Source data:
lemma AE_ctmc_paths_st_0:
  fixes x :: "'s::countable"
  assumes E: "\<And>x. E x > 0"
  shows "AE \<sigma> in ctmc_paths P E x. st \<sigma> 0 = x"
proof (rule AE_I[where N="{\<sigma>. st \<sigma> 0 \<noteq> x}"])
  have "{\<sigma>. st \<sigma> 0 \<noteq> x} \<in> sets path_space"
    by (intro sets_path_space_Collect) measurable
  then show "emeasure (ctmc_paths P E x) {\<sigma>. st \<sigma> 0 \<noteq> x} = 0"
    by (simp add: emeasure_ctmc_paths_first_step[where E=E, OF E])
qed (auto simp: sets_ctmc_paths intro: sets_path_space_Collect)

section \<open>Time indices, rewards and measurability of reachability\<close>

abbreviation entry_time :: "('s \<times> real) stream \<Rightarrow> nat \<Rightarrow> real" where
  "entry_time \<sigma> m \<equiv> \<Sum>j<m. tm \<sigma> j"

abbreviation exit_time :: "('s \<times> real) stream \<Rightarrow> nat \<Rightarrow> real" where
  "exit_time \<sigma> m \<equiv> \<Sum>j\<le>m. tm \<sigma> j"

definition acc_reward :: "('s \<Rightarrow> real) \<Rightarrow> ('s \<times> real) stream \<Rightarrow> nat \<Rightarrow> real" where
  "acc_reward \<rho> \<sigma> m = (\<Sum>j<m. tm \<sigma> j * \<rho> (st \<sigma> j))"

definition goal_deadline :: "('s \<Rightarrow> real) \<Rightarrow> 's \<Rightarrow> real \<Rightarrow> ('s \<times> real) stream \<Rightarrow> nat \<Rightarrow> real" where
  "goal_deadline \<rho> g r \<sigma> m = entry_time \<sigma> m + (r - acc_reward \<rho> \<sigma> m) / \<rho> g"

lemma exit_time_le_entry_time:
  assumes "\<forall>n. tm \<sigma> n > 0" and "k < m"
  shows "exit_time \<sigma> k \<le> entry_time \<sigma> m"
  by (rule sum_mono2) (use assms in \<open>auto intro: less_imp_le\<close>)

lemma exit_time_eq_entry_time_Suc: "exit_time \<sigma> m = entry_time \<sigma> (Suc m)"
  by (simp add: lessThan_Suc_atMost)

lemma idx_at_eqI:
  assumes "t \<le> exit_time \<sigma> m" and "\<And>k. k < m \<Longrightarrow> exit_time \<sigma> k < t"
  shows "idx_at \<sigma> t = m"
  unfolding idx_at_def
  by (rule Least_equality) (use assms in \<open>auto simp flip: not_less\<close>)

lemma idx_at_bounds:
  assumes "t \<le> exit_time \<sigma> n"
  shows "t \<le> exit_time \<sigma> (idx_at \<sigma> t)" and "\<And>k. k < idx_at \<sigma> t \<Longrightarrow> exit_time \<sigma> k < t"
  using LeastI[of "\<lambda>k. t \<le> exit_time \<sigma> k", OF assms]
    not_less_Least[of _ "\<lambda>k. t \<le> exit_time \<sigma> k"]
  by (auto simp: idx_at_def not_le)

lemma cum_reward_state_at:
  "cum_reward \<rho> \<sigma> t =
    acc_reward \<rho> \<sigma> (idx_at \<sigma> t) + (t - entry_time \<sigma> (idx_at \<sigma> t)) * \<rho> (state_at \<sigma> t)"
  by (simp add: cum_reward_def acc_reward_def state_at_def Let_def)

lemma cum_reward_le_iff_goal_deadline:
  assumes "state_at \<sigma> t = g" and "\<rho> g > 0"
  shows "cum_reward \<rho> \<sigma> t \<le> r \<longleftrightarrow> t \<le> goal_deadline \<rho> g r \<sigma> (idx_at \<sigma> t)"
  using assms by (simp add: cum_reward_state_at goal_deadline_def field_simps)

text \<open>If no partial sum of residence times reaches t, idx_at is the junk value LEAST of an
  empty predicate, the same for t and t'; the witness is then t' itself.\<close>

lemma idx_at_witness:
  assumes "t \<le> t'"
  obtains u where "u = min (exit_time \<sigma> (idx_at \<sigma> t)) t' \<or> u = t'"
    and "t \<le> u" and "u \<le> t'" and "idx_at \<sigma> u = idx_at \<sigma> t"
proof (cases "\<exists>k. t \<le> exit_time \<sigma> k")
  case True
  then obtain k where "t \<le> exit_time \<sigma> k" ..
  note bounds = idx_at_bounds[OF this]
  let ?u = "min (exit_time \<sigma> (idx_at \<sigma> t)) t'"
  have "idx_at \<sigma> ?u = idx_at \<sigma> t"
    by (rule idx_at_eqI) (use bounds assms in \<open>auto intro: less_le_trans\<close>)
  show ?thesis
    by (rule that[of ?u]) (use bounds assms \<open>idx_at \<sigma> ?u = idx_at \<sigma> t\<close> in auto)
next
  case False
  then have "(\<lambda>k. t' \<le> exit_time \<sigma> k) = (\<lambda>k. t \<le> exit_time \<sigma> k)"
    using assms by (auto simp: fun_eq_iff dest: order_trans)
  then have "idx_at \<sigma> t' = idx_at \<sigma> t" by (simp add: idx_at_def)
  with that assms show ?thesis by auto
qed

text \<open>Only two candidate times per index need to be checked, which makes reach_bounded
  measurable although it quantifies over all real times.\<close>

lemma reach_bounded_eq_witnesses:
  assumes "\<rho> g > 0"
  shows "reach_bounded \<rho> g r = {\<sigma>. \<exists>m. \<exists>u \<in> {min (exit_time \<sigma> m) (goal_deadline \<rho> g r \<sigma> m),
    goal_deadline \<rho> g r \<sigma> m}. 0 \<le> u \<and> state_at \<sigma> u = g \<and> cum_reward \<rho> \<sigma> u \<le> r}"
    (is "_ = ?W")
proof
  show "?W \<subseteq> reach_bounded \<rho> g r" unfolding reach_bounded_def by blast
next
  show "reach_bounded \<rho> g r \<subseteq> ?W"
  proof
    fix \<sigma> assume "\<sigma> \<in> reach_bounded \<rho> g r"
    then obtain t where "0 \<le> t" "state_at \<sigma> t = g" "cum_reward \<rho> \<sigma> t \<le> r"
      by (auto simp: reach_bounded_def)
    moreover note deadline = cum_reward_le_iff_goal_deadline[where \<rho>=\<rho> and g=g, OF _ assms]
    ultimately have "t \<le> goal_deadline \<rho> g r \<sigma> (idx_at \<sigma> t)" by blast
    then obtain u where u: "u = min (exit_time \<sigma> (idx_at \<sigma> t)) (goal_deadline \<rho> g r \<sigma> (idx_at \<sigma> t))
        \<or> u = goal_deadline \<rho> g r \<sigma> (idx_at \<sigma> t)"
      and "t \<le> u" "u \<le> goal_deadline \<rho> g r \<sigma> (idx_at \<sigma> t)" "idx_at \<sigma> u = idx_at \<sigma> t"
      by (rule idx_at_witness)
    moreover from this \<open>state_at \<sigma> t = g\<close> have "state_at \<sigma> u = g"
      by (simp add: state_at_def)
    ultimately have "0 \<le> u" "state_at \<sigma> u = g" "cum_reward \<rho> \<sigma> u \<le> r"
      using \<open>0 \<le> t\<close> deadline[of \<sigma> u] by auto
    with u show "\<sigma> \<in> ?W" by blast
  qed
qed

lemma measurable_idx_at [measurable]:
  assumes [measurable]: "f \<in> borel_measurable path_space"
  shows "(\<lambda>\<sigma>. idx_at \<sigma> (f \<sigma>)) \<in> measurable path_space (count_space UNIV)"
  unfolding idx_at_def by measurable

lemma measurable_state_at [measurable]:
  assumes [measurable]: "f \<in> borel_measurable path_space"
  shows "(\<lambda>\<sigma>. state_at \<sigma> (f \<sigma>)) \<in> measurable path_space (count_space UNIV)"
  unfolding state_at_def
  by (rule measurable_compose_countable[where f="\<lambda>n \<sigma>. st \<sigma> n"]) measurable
...
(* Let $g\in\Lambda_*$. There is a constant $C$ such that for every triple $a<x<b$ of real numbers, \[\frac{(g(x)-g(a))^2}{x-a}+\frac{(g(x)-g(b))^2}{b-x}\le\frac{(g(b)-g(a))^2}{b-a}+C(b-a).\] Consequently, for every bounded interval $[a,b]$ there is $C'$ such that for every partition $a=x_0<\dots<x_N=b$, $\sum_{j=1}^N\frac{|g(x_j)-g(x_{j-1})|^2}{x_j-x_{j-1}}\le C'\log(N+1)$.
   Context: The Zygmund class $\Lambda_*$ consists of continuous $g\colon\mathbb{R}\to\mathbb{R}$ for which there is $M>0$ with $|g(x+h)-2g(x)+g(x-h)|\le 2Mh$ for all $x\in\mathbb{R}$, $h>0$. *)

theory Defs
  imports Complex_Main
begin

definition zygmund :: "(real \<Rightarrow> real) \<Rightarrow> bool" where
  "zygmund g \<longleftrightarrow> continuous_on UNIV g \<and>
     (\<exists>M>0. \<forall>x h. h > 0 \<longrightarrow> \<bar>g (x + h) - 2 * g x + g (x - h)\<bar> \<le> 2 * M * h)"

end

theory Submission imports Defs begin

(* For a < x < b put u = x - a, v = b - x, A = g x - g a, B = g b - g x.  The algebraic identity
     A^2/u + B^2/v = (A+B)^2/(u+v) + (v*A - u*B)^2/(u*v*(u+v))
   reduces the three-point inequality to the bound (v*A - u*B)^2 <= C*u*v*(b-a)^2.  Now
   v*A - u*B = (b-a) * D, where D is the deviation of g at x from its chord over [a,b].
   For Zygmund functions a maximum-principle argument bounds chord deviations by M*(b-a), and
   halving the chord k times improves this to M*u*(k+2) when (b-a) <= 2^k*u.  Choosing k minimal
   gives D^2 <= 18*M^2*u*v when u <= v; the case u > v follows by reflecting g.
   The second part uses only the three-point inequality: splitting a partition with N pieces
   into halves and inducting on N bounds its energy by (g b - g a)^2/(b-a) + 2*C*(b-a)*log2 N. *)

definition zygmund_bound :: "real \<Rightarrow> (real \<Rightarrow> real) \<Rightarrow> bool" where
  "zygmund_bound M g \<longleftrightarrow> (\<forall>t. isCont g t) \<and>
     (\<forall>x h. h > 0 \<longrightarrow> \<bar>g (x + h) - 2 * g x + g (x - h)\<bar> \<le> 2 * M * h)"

▶ **WHAT THE EXERCISE ASKS**
List every line from the entries above in which "when" appears.

▶ **RESPONSE BOX**
   halving the chord k times improves this to M*u*(k+2) when (b-a) <= 2^k*u.  Choosing k minimal
   gives D^2 <= 18*M^2*u*v when u <= v; the case u > v follows by reflecting g.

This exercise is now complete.